** Opening Data records block **
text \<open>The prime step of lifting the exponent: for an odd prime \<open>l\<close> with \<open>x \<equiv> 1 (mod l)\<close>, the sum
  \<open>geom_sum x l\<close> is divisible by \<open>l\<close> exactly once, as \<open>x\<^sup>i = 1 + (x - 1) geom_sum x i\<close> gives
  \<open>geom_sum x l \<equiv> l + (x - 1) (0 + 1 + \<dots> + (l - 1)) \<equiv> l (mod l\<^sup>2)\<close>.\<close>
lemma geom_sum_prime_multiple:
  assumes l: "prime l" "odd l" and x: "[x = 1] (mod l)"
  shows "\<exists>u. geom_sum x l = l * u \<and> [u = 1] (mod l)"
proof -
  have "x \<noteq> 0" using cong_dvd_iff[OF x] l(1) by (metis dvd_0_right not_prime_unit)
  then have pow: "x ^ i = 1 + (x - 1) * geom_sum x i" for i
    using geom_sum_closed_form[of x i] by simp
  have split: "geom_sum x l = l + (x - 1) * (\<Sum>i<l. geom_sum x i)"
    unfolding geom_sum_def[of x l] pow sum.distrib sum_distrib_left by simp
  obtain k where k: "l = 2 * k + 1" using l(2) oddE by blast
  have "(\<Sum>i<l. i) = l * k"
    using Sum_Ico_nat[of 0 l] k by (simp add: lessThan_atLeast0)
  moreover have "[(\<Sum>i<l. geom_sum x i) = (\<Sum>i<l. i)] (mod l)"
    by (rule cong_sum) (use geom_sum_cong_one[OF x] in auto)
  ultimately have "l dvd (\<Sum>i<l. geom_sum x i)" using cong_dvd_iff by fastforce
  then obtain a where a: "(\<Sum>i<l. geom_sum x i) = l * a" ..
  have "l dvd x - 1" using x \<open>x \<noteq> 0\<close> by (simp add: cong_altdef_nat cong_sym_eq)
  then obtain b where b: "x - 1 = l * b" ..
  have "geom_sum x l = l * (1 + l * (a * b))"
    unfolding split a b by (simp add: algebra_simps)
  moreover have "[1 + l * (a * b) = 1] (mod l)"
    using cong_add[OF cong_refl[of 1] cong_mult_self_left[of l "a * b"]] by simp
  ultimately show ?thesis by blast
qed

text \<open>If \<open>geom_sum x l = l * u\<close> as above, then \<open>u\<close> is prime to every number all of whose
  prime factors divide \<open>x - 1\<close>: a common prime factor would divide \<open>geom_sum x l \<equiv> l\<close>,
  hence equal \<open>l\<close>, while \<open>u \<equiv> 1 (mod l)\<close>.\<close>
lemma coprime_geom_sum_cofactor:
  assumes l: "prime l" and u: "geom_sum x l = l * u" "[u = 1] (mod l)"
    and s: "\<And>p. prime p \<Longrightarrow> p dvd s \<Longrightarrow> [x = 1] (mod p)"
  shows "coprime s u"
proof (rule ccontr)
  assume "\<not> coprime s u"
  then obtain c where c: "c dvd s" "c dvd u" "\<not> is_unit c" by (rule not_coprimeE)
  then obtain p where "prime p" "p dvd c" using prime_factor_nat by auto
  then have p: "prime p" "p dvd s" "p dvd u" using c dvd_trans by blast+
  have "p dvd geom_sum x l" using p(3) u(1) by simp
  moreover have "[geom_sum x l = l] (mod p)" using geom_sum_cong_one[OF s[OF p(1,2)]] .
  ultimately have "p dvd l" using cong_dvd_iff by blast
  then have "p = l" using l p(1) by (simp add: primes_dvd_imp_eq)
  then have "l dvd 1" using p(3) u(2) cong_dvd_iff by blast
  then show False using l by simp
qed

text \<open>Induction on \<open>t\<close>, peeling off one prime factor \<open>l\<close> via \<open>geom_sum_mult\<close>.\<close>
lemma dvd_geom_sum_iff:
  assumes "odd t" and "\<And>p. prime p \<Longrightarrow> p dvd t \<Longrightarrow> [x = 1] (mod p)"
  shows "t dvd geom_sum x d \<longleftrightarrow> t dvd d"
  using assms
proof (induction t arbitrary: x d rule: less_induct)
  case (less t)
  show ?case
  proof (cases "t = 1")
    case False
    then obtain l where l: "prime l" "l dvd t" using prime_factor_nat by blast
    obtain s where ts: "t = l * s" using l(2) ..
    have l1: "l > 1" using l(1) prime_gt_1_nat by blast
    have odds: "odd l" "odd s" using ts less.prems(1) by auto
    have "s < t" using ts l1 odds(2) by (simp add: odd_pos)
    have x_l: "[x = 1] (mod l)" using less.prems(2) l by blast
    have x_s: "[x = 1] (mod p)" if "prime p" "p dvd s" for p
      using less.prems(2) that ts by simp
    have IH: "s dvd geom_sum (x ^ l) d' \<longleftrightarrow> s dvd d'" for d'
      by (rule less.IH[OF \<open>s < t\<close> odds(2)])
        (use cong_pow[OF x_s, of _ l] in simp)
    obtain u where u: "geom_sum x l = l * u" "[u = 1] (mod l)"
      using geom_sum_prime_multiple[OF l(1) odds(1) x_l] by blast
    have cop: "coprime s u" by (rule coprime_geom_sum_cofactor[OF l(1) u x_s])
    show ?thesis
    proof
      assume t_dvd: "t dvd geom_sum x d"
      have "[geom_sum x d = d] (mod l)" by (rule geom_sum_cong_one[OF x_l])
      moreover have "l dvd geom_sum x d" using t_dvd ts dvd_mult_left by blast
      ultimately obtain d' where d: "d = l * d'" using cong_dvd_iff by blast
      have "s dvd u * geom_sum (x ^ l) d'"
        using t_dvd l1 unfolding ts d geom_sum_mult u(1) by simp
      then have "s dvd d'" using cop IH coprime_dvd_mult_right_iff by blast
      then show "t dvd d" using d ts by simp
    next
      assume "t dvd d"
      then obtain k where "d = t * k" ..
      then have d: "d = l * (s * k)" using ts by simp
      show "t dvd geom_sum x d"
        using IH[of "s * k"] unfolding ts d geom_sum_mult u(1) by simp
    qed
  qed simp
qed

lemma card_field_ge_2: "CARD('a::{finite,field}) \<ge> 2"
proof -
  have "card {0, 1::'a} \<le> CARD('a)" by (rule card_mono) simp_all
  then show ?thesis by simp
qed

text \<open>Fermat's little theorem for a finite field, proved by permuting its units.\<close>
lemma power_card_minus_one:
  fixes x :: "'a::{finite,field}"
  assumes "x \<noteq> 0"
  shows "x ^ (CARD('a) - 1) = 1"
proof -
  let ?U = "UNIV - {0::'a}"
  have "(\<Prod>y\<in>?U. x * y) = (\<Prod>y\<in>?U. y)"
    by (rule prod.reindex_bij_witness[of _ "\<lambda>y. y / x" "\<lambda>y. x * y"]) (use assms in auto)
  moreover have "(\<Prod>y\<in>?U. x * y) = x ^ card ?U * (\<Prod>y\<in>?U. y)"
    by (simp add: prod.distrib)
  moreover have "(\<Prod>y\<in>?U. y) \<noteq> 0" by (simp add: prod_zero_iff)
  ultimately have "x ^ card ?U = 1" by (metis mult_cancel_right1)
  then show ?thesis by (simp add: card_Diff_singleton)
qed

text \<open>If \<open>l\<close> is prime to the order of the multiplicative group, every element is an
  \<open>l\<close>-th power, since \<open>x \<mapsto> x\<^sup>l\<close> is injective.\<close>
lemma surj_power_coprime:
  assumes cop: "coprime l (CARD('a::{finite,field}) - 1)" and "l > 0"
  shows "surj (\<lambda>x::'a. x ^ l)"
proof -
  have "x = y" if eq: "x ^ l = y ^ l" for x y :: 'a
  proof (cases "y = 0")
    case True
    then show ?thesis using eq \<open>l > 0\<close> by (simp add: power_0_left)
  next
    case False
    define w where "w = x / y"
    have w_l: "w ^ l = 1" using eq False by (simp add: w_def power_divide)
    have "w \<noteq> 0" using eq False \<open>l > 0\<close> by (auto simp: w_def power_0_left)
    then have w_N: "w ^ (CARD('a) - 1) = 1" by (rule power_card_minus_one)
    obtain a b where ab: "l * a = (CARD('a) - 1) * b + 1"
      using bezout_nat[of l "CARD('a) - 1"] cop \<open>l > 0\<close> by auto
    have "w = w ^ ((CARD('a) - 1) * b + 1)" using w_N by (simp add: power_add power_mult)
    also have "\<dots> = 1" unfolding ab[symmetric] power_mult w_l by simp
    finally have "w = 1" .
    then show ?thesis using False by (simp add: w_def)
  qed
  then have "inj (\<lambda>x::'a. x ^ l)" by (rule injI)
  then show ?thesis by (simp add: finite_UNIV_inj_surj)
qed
** Closing Data records block **
Return word for word the lines above from the line with "for x y :: 'a" to the line with "by (rule power_card_minus_one)", including both and leaving out all others.

### Solution:
  have "x = y" if eq: "x ^ l = y ^ l" for x y :: 'a
  proof (cases "y = 0")
    case True
    then show ?thesis using eq \<open>l > 0\<close> by (simp add: power_0_left)
  next
    case False
    define w where "w = x / y"
    have w_l: "w ^ l = 1" using eq False by (simp add: w_def power_divide)
    have "w \<noteq> 0" using eq False \<open>l > 0\<close> by (auto simp: w_def power_0_left)
    then have w_N: "w ^ (CARD('a) - 1) = 1" by (rule power_card_minus_one)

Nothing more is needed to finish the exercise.